Internet service provider Frontier
Communications is enlisting its employees in a fight over net neutrality in California.
Specifically, the company is asking employees to urge California Governor Jerry Brown to veto a law that
would restore the Obama-era open internet rules. The measure, SB 822, was passed by state lawmakers late last month. Brown has until Sept. 30 to sign the measure.
"I oppose SB 822 because it
will harm consumers and impose complex layers of costly regulation," reads the company's form letter for employees.
"This will deter investment and delay broadband deployment in California, especially in rural areas that still lack high-speed Internet access."
The letter also states that the bill "will
essentially create ''free' Internet for big users of bandwidth like Netflix and Google, but increase costs for consumers and decrease investment that creates good jobs."
Frontier recently sent an email
to workers, urging them to send the form letter, according to Motherboard. Frontier hasn't yet responded to MediaPost's request for comment.
The California net neutrality law
prohibits broadband providers from blocking or throttling traffic, charging higher fees for fast-lane service, and from exempting their own video streams from consumers' data caps.
The
Obama-era FCC passed similar regulations, but they were repealed last year by the current FCC. Chairman Ajit Pai, who spearheaded the repeal, has repeatedly said the former regulations depressed
investment by providers.
But net neutrality advocates who examined the broadband carriers' stock reports reached different conclusions. The pro-neutrality advocacy group Free Press said
last year that investment by 13 major broadband providers increased in the two years after the FCC
passed the net neutrality regulations.
California is one of several states to try to pass net neutrality laws this year. Governors of Rhode Island, New York, New Jersey, Montana, Hawaii and
Vermont recently signed orders requiring state agencies to contract only with providers that follow net neutrality principles. In Oregon, lawmakers passed a bill that prohibits state agencies from
contracting with broadband providers that violate net neutrality principles. Washington state passed a more comprehensive law that prohibits broadband providers operating in the state from blocking or
throttling traffic and from charging companies higher fees for prioritized delivery.

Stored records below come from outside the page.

lemma card_supersets_of_card:
  assumes U: "finite U" and F: "F \<subseteq> U" "card F \<le> r"
  shows "card {S. S \<subseteq> U \<and> card S = r \<and> F \<subseteq> S} = (card U - card F) choose (r - card F)"
proof -
  have fin: "finite A" if "A \<subseteq> U" for A using U that finite_subset by blast
  have "bij_betw (\<lambda>T. T \<union> F) {T. T \<subseteq> U - F \<and> card T = r - card F} {S. S \<subseteq> U \<and> card S = r \<and> F \<subseteq> S}"
  proof (rule bij_betw_byWitness[where f' = "\<lambda>S. S - F"])
    show "(\<lambda>T. T \<union> F) ` {T. T \<subseteq> U - F \<and> card T = r - card F} \<subseteq> {S. S \<subseteq> U \<and> card S = r \<and> F \<subseteq> S}"
    proof (rule image_subsetI)
      fix T assume "T \<in> {T. T \<subseteq> U - F \<and> card T = r - card F}"
      then have T: "T \<subseteq> U - F" "card T = r - card F" by auto
      have "card (T \<union> F) = card T + card F"
        using T(1) fin[of T] fin[OF F(1)] by (intro card_Un_disjoint) auto
      with T F show "T \<union> F \<in> {S. S \<subseteq> U \<and> card S = r \<and> F \<subseteq> S}" by auto
    qed
    show "(\<lambda>S. S - F) ` {S. S \<subseteq> U \<and> card S = r \<and> F \<subseteq> S} \<subseteq> {T. T \<subseteq> U - F \<and> card T = r - card F}"
    proof (rule image_subsetI)
      fix S assume "S \<in> {S. S \<subseteq> U \<and> card S = r \<and> F \<subseteq> S}"
      then have S: "S \<subseteq> U" "card S = r" "F \<subseteq> S" by auto
      then have "card (S - F) = r - card F" using fin[OF F(1)] by (simp add: card_Diff_subset)
      with S show "S - F \<in> {T. T \<subseteq> U - F \<and> card T = r - card F}" by auto
    qed
  qed blast+
  then have "card {S. S \<subseteq> U \<and> card S = r \<and> F \<subseteq> S} = card {T. T \<subseteq> U - F \<and> card T = r - card F}"
    by (simp add: bij_betw_same_card)
  also have "\<dots> = (card U - card F) choose (r - card F)"
    using U F fin by (simp add: n_subsets card_Diff_subset)
  finally show ?thesis .
qed

lemma ffall_Suc: "ffall s (Suc t) = ffall s t * (real s - real t)"
  by (simp add: ffall_def)

lemma ffall_pos: "t \<le> s \<Longrightarrow> ffall s t > 0"
  unfolding ffall_def by (intro prod_pos) auto

lemma ffall_eq_0: "s < t \<Longrightarrow> ffall s t = 0"
  unfolding ffall_def by (rule prod_zero) (auto intro: bexI[where x = s])

lemma binomial_mult_ffall:
  assumes "t \<le> r" "r \<le> n"
  shows "real (n choose r) * ffall r t = real ((n - t) choose (r - t)) * ffall n t"
  using assms(1)
proof (induction t)
  case (Suc t)
  have "(r - t) * ((n - t) choose (r - t)) = (n - t) * ((n - t - 1) choose (r - t - 1))"
    using Suc.prems by (intro times_binomial_minus1_eq) simp
  then have "real ((r - t) * ((n - t) choose (r - t)))
      = real ((n - t) * ((n - Suc t) choose (r - Suc t)))"
    by simp
  then have "real (r - t) * real ((n - t) choose (r - t))
      = real (n - t) * real ((n - Suc t) choose (r - Suc t))"
    by (simp only: of_nat_mult)
  moreover have "real (r - t) = real r - real t" "real (n - t) = real n - real t"
    using Suc.prems assms(2) by (simp_all add: of_nat_diff)
  ultimately have step: "real ((n - t) choose (r - t)) * (real r - real t)
      = real ((n - Suc t) choose (r - Suc t)) * (real n - real t)"
    by (simp add: mult.commute)
  have "real (n choose r) * ffall r (Suc t) = real (n choose r) * ffall r t * (real r - real t)"
    by (simp add: ffall_Suc)
  also have "\<dots> = real ((n - t) choose (r - t)) * (real r - real t) * ffall n t"
    using Suc by simp
  also have "\<dots> = real ((n - Suc t) choose (r - Suc t)) * ffall n (Suc t)"
    by (simp add: step ffall_Suc)
  finally show ?case .
qed (simp add: ffall_def)

lemma prob_row_pmf_superset:
  assumes "r \<le> n" "F \<subseteq> {1..n}"
  shows "measure_pmf.prob (row_pmf n r) {S. F \<subseteq> S} = ffall r (card F) / ffall n (card F)"
proof -
  have card_F: "card F \<le> n" using assms(2) card_mono[of "{1..n}" F] by simp
  have "measure_pmf.prob (row_pmf n r) {S. F \<subseteq> S}
      = real (card {S. S \<subseteq> {1..n} \<and> card S = r \<and> F \<subseteq> S}) / real (n choose r)"
    unfolding row_pmf_def measure_pmf_of_set[OF ksubsets_nonempty[OF assms(1)] finite_ksubsets]
      card_ksubsets
    by (simp add: Int_def conj_assoc)
  also have "\<dots> = ffall r (card F) / ffall n (card F)"
  proof (cases "card F \<le> r")
    case True
    then show ?thesis
      using assms binomial_mult_ffall[OF True assms(1)] ffall_pos[OF card_F]
      by (simp add: card_supersets_of_card field_simps)
  next
    case False
    have "{S. S \<subseteq> {1..n} \<and> card S = r \<and> F \<subseteq> S} = {}"
    proof (intro equals0I, clarify)
      fix S assume "S \<subseteq> {1..n}" "F \<subseteq> S" "r = card S"
      with False show False using card_mono[of S F] finite_subset[of S "{1..n}"] by simp
    qed
    with False show ?thesis by (simp add: ffall_eq_0)
  qed
  finally show ?thesis .
qed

It is not yet known whether the FCC's order repealing net neutrality also prohibited states from passing
their own laws. But some legal experts have cast doubt on whether that prohibition is valid. The FCC's decision to revoke the rules, as well as its decision to prevent states from issuing their own
laws, is being challenged in court by a broad coalition of tech companies, net neutrality proponents, and attorneys general.